To simplify the expression (y^8 * y^8)^5 / (y^4 * y^3)^2, let's break it down step by step:
First, let's simplify the exponents within the parentheses on the numerator:
(y^8 * y^8)^5 = y^(8*5) = y^40
Next, let's simplify the exponents within the parentheses on the denominator:
(y^4 * y^3)^2 = (y^(4+3))^2 = (y^7)^2 = y^(7*2) = y^14
Now, we substitute these simplified expressions back into the original expression:
(y^8 * y^8)^5 / (y^4 * y^3)^2 = y^40 / y^14
To simplify further, we subtract the exponents:
y^40 / y^14 = y^(40-14) = y^26
Therefore, the fully simplified expression is y^26.
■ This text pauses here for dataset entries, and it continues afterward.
lemma cover_preserving_hom_comp_swap:
  assumes "cover_preserving_hom n \<phi>"
  shows "cover_preserving_hom n (\<phi> \<circ> prod.swap)"
  using assms unfolding cover_preserving_hom_def
  by (metis comp_apply gcover_swap_iff gjoin_swap swap_in_grid_iff)

lemma source_cell_transpose_rel_iff:
  "source_cell n (transpose_rel \<gamma>) i j \<longleftrightarrow> source_cell n \<gamma> j i"
  by (auto simp: source_cell_def)

lemma join_hom_mono:
  fixes \<phi> :: "nat \<times> nat \<Rightarrow> 'b::semilattice_sup"
  assumes hom: "\<And>x y. x \<in> grid n \<Longrightarrow> y \<in> grid n \<Longrightarrow> \<phi> (gjoin x y) = sup (\<phi> x) (\<phi> y)"
    and "a \<le> c" "c \<le> n" "b \<le> d" "d \<le> n"
  shows "\<phi> (a, b) \<le> \<phi> (c, d)"
proof -
  have "\<phi> (c, d) = sup (\<phi> (a, b)) (\<phi> (c, d))"
    using hom[of "(a, b)" "(c, d)"] assms by (simp add: max_absorb2)
  then show ?thesis
    by (metis sup.cobounded1)
qed

lemma chain_in_trans:
  fixes p :: "nat \<Rightarrow> 'a"
  assumes "trans \<theta>" "(p a, p a) \<in> \<theta>" "a \<le> c"
    and "\<And>k. a < k \<Longrightarrow> k \<le> c \<Longrightarrow> (p (k - 1), p k) \<in> \<theta>"
  shows "(p a, p c) \<in> \<theta>"
  using assms(3,4)
proof (induction c rule: dec_induct)
  case base
  show ?case using assms(2) .
next
  case (step m)
  then have "(p a, p m) \<in> \<theta>" and "(p m, p (Suc m)) \<in> \<theta>"
    using step.prems[of "Suc m"] by simp_all
  then show ?case using assms(1) by (auto dest: transD)
qed

lemma kernel_on_subset_if_edges:
  fixes \<phi> :: "nat \<times> nat \<Rightarrow> 'b::semilattice_sup"
  assumes eqv: "equiv (grid n) \<theta>"
    and hom: "\<And>x y. x \<in> grid n \<Longrightarrow> y \<in> grid n \<Longrightarrow> \<phi> (gjoin x y) = sup (\<phi> x) (\<phi> y)"
    and horizontal: "\<And>i j. 1 \<le> i \<Longrightarrow> i \<le> n \<Longrightarrow> j \<le> n \<Longrightarrow> \<phi> (i - 1, j) = \<phi> (i, j) \<Longrightarrow> ((i - 1, j), (i, j)) \<in> \<theta>"
    and vertical: "\<And>i j. 1 \<le> j \<Longrightarrow> j \<le> n \<Longrightarrow> i \<le> n \<Longrightarrow> \<phi> (i, j - 1) = \<phi> (i, j) \<Longrightarrow> ((i, j - 1), (i, j)) \<in> \<theta>"
  shows "kernel_on n \<phi> \<subseteq> \<theta>"
proof -
  have sym: "sym \<theta>" and trans: "trans \<theta>" and refl: "refl_on (grid n) \<theta>"
    using eqv by (auto elim: equivE)
  have mono: "\<phi> (a, b) \<le> \<phi> (c, d)" if "a \<le> c" "c \<le> n" "b \<le> d" "d \<le> n" for a b c d
    using hom that by (rule join_hom_mono)
  have below: "((a, b), (c, d)) \<in> \<theta>"
    if "a \<le> c" "c \<le> n" "b \<le> d" "d \<le> n" "\<phi> (a, b) = \<phi> (c, d)" for a b c d
  proof -
    \<comment> \<open>\<phi> is constant on the monotone path from (a, b) via (c, b) to (c, d)\<close>
    have "((a, b), (c, b)) \<in> \<theta>"
    proof (rule chain_in_trans[OF trans, where p = "\<lambda>k. (k, b)"])
      show "((a, b), (a, b)) \<in> \<theta>" using refl that by (simp add: refl_onD)
      fix k assume "a < k" "k \<le> c"
      then have "\<phi> (a, b) \<le> \<phi> (k - 1, b)" "\<phi> (k - 1, b) \<le> \<phi> (k, b)" "\<phi> (k, b) \<le> \<phi> (c, d)"
        using mono[of a "k - 1" b b] mono[of "k - 1" k b b] mono[of k c b d] that by simp_all
      then have "\<phi> (k - 1, b) = \<phi> (k, b)"
        using that(5) by (metis antisym order.trans)
      with \<open>a < k\<close> \<open>k \<le> c\<close> show "((k - 1, b), (k, b)) \<in> \<theta>"
        using that horizontal by simp
    qed (use that in simp)
    moreover have "((c, b), (c, d)) \<in> \<theta>"
    proof (rule chain_in_trans[OF trans, where p = "\<lambda>k. (c, k)"])
      show "((c, b), (c, b)) \<in> \<theta>" using refl that by (simp add: refl_onD)
      fix k assume "b < k" "k \<le> d"
      then have "\<phi> (a, b) \<le> \<phi> (c, k - 1)" "\<phi> (c, k - 1) \<le> \<phi> (c, k)" "\<phi> (c, k) \<le> \<phi> (c, d)"
        using mono[of a c b "k - 1"] mono[of c c "k - 1" k] mono[of c c k d] that by simp_all
      then have "\<phi> (c, k - 1) = \<phi> (c, k)"
        using that(5) by (metis antisym order.trans)
      with \<open>b < k\<close> \<open>k \<le> d\<close> show "((c, k - 1), (c, k)) \<in> \<theta>"
        using that vertical by simp
    qed (use that in simp)
    ultimately show ?thesis using trans by (auto dest: transD)
  qed
  show ?thesis
  proof
    fix p assume "p \<in> kernel_on n \<phi>"
    then obtain a b c d where p: "p = ((a, b), (c, d))" and bounds: "a \<le> n" "b \<le> n" "c \<le> n" "d \<le> n"
      and eq: "\<phi> (a, b) = \<phi> (c, d)"
      by (auto simp: kernel_on_def)
    have top: "\<phi> (max a c, max b d) = \<phi> (a, b)"
      using hom[of "(a, b)" "(c, d)"] bounds eq by simp
    have "((a, b), (max a c, max b d)) \<in> \<theta>" and "((c, d), (max a c, max b d)) \<in> \<theta>"
      using below bounds top eq by simp_all
    then show "p \<in> \<theta>"
      using p sym trans by (meson symD transD)
  qed
qed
To fully simplify the expression:
First, we can simplify each parentheses separately.
For the numerator:
(y^8 * y^8)^5 = y^(8 * 5 + 8 * 5) = y^80
For the denominator:
(y^4 * y^3)^2 = y^(4 * 2 + 3 * 2) = y^14
Now, the expression becomes:
y^80 / y^14
Next, we will use the rule of exponentiation which states that dividing two numbers with the same base results in subtracting their exponents.
Applying this rule, we subtract the exponents:
y^(80 - 14) = y^66
Therefore, the fully simplified expression is y^66.